At the NFL Scouting Combine, Owusu ran a 4.36 time at the 40-yard dash, which tied for the second fastest overall. He wasn't selected in the 2012 NFL draft, with his concussion against Oregon State and past injury history being a factor. He was eventually signed by the San Francisco 49ers, reuniting him with Jim Harbaugh. He was later waived as part of the 49ers final roster cuts.

Owusu later was placed on the San Diego Chargers practice squad.

On September 20, 2012 Owusu signed with the Tampa Bay Buccaneers.

Pre-draft measurables
| Height | Weight | 40-yard dash | 10-yard split | 20-yard split | 20-yard shuttle | Three-cone drill | Vertical jump | Broad jump | Bench press |
| 6 ft 0 in (1.83 m) | 196 lb (89 kg) | 4.36 s | 1.45 s | 2.50 s | 4.27 s | 6.85 s | 40.5 in (1.03 m) | 10 ft 9 in (3.28 m) | 19 reps |
All values from the NFL Combine

===New York Jets===
Owusu was signed by the New York Jets on September 29, 2014. Owusu was released on November 1, 2014. He was re-signed to the practice squad two days later.
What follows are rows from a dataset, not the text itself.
(* Let $G$ be a 2-arc-colored directed multigraph. If $C$ is a minimal PC Euler subgraph of $G$, then $C$ is a PC circuit.
   Context: $G$ has an arbitrary arc coloring $\phi:A(G)\to\{1,2\}$. Trails are directed walks without repeated arcs; a closed trail is properly colored (PC) if every two consecutive arcs, including the last and first arcs, have different colors. A (multi)digraph is PC Euler if it has a PC closed trail containing all of its arcs. A PC Euler subgraph of $G$ is a subgraph (with at least one arc) that is PC Euler; it is minimal if no proper subgraph of it is PC Euler. A PC circuit is a subgraph $C$ of $G$ that is PC Euler and satisfies $d^+_{1,C}(v)\le1$ and $d^+_{2,C}(v)\le 1$ for all $v\in V(C)$, where $d^+_{i,C}(v)$ is the number of arcs of color $i$ in $C$ leaving $v$. *)

theory Defs
  imports Main
begin

(* A directed multigraph is given by a set of arcs A :: 'b set together with
   tail and head maps to vertices 'a; parallel arcs and loops are allowed.
   A subgraph is identified with its arc set C \<subseteq> A (its vertices being the
   endpoints of its arcs). *)

definition pc_closed_trail ::
  "('b \<Rightarrow> 'a) \<Rightarrow> ('b \<Rightarrow> 'a) \<Rightarrow> ('b \<Rightarrow> nat) \<Rightarrow> 'b list \<Rightarrow> bool" where
  "pc_closed_trail tail head phi es \<longleftrightarrow>
     es \<noteq> [] \<and> distinct es \<and>
     (\<forall>i < length es. head (es ! i) = tail (es ! ((i + 1) mod length es)) \<and>
                       phi (es ! i) \<noteq> phi (es ! ((i + 1) mod length es)))"

definition pc_euler ::
  "('b \<Rightarrow> 'a) \<Rightarrow> ('b \<Rightarrow> 'a) \<Rightarrow> ('b \<Rightarrow> nat) \<Rightarrow> 'b set \<Rightarrow> bool" where
  "pc_euler tail head phi C \<longleftrightarrow> (\<exists>es. pc_closed_trail tail head phi es \<and> set es = C)"

definition pc_euler_subgraph ::
  "'b set \<Rightarrow> ('b \<Rightarrow> 'a) \<Rightarrow> ('b \<Rightarrow> 'a) \<Rightarrow> ('b \<Rightarrow> nat) \<Rightarrow> 'b set \<Rightarrow> bool" where
  "pc_euler_subgraph A tail head phi C \<longleftrightarrow> C \<subseteq> A \<and> C \<noteq> {} \<and> pc_euler tail head phi C"

definition minimal_pc_euler_subgraph ::
  "'b set \<Rightarrow> ('b \<Rightarrow> 'a) \<Rightarrow> ('b \<Rightarrow> 'a) \<Rightarrow> ('b \<Rightarrow> nat) \<Rightarrow> 'b set \<Rightarrow> bool" where
  "minimal_pc_euler_subgraph A tail head phi C \<longleftrightarrow>
     pc_euler_subgraph A tail head phi C \<and>
     (\<forall>D. D \<subset> C \<longrightarrow> \<not> pc_euler_subgraph A tail head phi D)"

definition out_deg_col ::
  "('b \<Rightarrow> 'a) \<Rightarrow> ('b \<Rightarrow> nat) \<Rightarrow> 'b set \<Rightarrow> nat \<Rightarrow> 'a \<Rightarrow> nat" where
  "out_deg_col tail phi C i v = card {e \<in> C. tail e = v \<and> phi e = i}"

definition pc_circuit ::
  "'b set \<Rightarrow> ('b \<Rightarrow> 'a) \<Rightarrow> ('b \<Rightarrow> 'a) \<Rightarrow> ('b \<Rightarrow> nat) \<Rightarrow> 'b set \<Rightarrow> bool" where
  "pc_circuit A tail head phi C \<longleftrightarrow>
     pc_euler_subgraph A tail head phi C \<and>
     (\<forall>v \<in> tail ` C \<union> head ` C. out_deg_col tail phi C 1 v \<le> 1 \<and> out_deg_col tail phi C 2 v \<le> 1)"

end

theory Submission
  imports Defs
begin

text \<open>If two arcs of a PC closed trail leave the same vertex with the same colour, the part of
  the trail from the first of them up to (excluding) the second closes up into a shorter PC closed
  trail: its last arc enters that vertex and differs in colour from the second arc, hence from the
  first. So in a minimal PC Euler subgraph each vertex has at most one outgoing arc of each
  colour.\<close>

lemma pc_closed_trail_step:
  assumes "pc_closed_trail tail head phi es" and "Suc k < length es"
  shows "head (es ! k) = tail (es ! Suc k) \<and> phi (es ! k) \<noteq> phi (es ! Suc k)"
  using assms unfolding pc_closed_trail_def
  by (metis Suc_eq_plus1 Suc_lessD mod_less)

lemma pc_closed_trail_segment:
  assumes trail: "pc_closed_trail tail head phi es"
    and ij: "i < j" "j < length es"
    and same_tail: "tail (es ! i) = tail (es ! j)"
    and same_colour: "phi (es ! i) = phi (es ! j)"
  shows "pc_closed_trail tail head phi (take (j - i) (drop i es))"
proof -
  define ds where "ds = take (j - i) (drop i es)"
  have len: "length ds = j - i" and nth: "\<And>k. k < j - i \<Longrightarrow> ds ! k = es ! (i + k)"
    using ij by (simp_all add: ds_def)
  have next_arc: "tail (ds ! ((k + 1) mod length ds)) = tail (es ! Suc (i + k)) \<and>
                  phi (ds ! ((k + 1) mod length ds)) = phi (es ! Suc (i + k))"
    if "k < length ds" for k
  proof (cases "k + 1 < j - i")
    case True
    then show ?thesis using len nth by simp
  next
    case False
    then have "k + 1 = length ds" using that len by simp
    then have "Suc (i + k) = j" and "(k + 1) mod length ds = 0" using len ij by simp_all
    then show ?thesis using nth[of 0] ij same_tail same_colour by simp
  qed
  have "head (ds ! k) = tail (ds ! ((k + 1) mod length ds)) \<and>
        phi (ds ! k) \<noteq> phi (ds ! ((k + 1) mod length ds))"
    if "k < length ds" for k
    using that next_arc[OF that] nth len ij pc_closed_trail_step[OF trail, of "i + k"] by simp
  moreover have "distinct ds" and "ds \<noteq> []"
    using trail ij unfolding ds_def pc_closed_trail_def by simp_all
  ultimately show ?thesis unfolding ds_def[symmetric] pc_closed_trail_def by blast
qed

lemma pc_euler_psubset_if_same_tail_colour:
  assumes "pc_euler tail head phi C"
    and "x \<in> C" "y \<in> C" "x \<noteq> y"
    and "tail x = tail y" "phi x = phi y"
  shows "\<exists>D \<subset> C. D \<noteq> {} \<and> pc_euler tail head phi D"
proof -
  obtain es where trail: "pc_closed_trail tail head phi es" and C: "set es = C"
    using assms(1) unfolding pc_euler_def by blast
  have dist: "distinct es" using trail unfolding pc_closed_trail_def by simp
  obtain i j where ij: "i < j" "j < length es"
    and same: "tail (es ! i) = tail (es ! j)" "phi (es ! i) = phi (es ! j)"
  proof -
    obtain a b where "a < length es" "es ! a = x" "b < length es" "es ! b = y"
      using assms(2,3) C by (auto simp: in_set_conv_nth)
    moreover have "a \<noteq> b" using calculation assms(4) by auto
    ultimately show ?thesis
      using assms(5,6) that[of a b] that[of b a] by (auto simp: nat_neq_iff)
  qed
  define ds where "ds = take (j - i) (drop i es)"
  have ds_trail: "pc_closed_trail tail head phi ds"
    using pc_closed_trail_segment[OF trail ij same] by (simp add: ds_def)
  have "es ! j \<notin> set ds"
  proof
    assume "es ! j \<in> set ds"
    then obtain k where "k < j - i" "es ! (i + k) = es ! j"
      using ij by (auto simp: ds_def in_set_conv_nth)
    then show False using dist ij by (simp add: nth_eq_iff_index_eq)
  qed
  moreover have "set ds \<subseteq> set es"
    by (metis ds_def set_drop_subset set_take_subset subset_trans)
  ultimately have "set ds \<subset> C" using ij C by force
  moreover have "set ds \<noteq> {}" using ds_trail unfolding pc_closed_trail_def by simp
  ultimately show ?thesis using ds_trail unfolding pc_euler_def by blast
qed

lemma minimal_pc_euler_subgraph_tail_colour_unique:
  assumes "minimal_pc_euler_subgraph A tail head phi C"
    and "x \<in> C" "y \<in> C" "tail x = tail y" "phi x = phi y"
  shows "x = y"
proof (rule ccontr)
  assume "x \<noteq> y"
  have "C \<subseteq> A" and "pc_euler tail head phi C"
    and no_smaller: "\<And>D. D \<subset> C \<Longrightarrow> \<not> pc_euler_subgraph A tail head phi D"
    using assms(1) unfolding minimal_pc_euler_subgraph_def pc_euler_subgraph_def by auto
  moreover obtain D where "D \<subset> C" "D \<noteq> {}" "pc_euler tail head phi D"
    using pc_euler_psubset_if_same_tail_colour \<open>pc_euler tail head phi C\<close> assms(2-5) \<open>x \<noteq> y\<close>
    by metis
  ultimately show False unfolding pc_euler_subgraph_def by blast
qed

lemma out_deg_col_le_1:
  assumes "\<And>x y. x \<in> C \<Longrightarrow> y \<in> C \<Longrightarrow> tail x = tail y \<Longrightarrow> phi x = phi y \<Longrightarrow> x = y"
  shows "out_deg_col tail phi C i v \<le> 1"
  unfolding out_deg_col_def
proof (cases "finite {e \<in> C. tail e = v \<and> phi e = i}")
  case True
  then show "card {e \<in> C. tail e = v \<and> phi e = i} \<le> 1"
    using assms by (auto simp: card_le_Suc0_iff_eq)
qed simp

theorem corollary1:
  fixes A :: "'b set" and tail head :: "'b \<Rightarrow> 'a" and phi :: "'b \<Rightarrow> nat" and C :: "'b set"
  assumes "finite A"
    and "\<forall>e \<in> A. phi e \<in> {1, 2}"
    and "minimal_pc_euler_subgraph A tail head phi C"
  shows "pc_circuit A tail head phi C"
proof -
  have "out_deg_col tail phi C i v \<le> 1" for i v
    using minimal_pc_euler_subgraph_tail_colour_unique[OF assms(3)] by (rule out_deg_col_le_1)
  moreover have "pc_euler_subgraph A tail head phi C"
    using assms(3) unfolding minimal_pc_euler_subgraph_def by simp
  ultimately show ?thesis unfolding pc_circuit_def by simp
qed

end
Owusu was promoted to the Jets' active roster on December 4, 2014 after Greg Salas was placed on injured reserve.

==Personal life==
Owusu is a mixture of Ghanaian and Samoan descent. He has a brother, Brian, who played defensive back at Harvard. His sister, Crystal, was a guard on the Columbia basketball team. His brother Francis also played wide receiver for the Stanford Cardinal football team and is currently a free agent. He also has a third brother named Michael.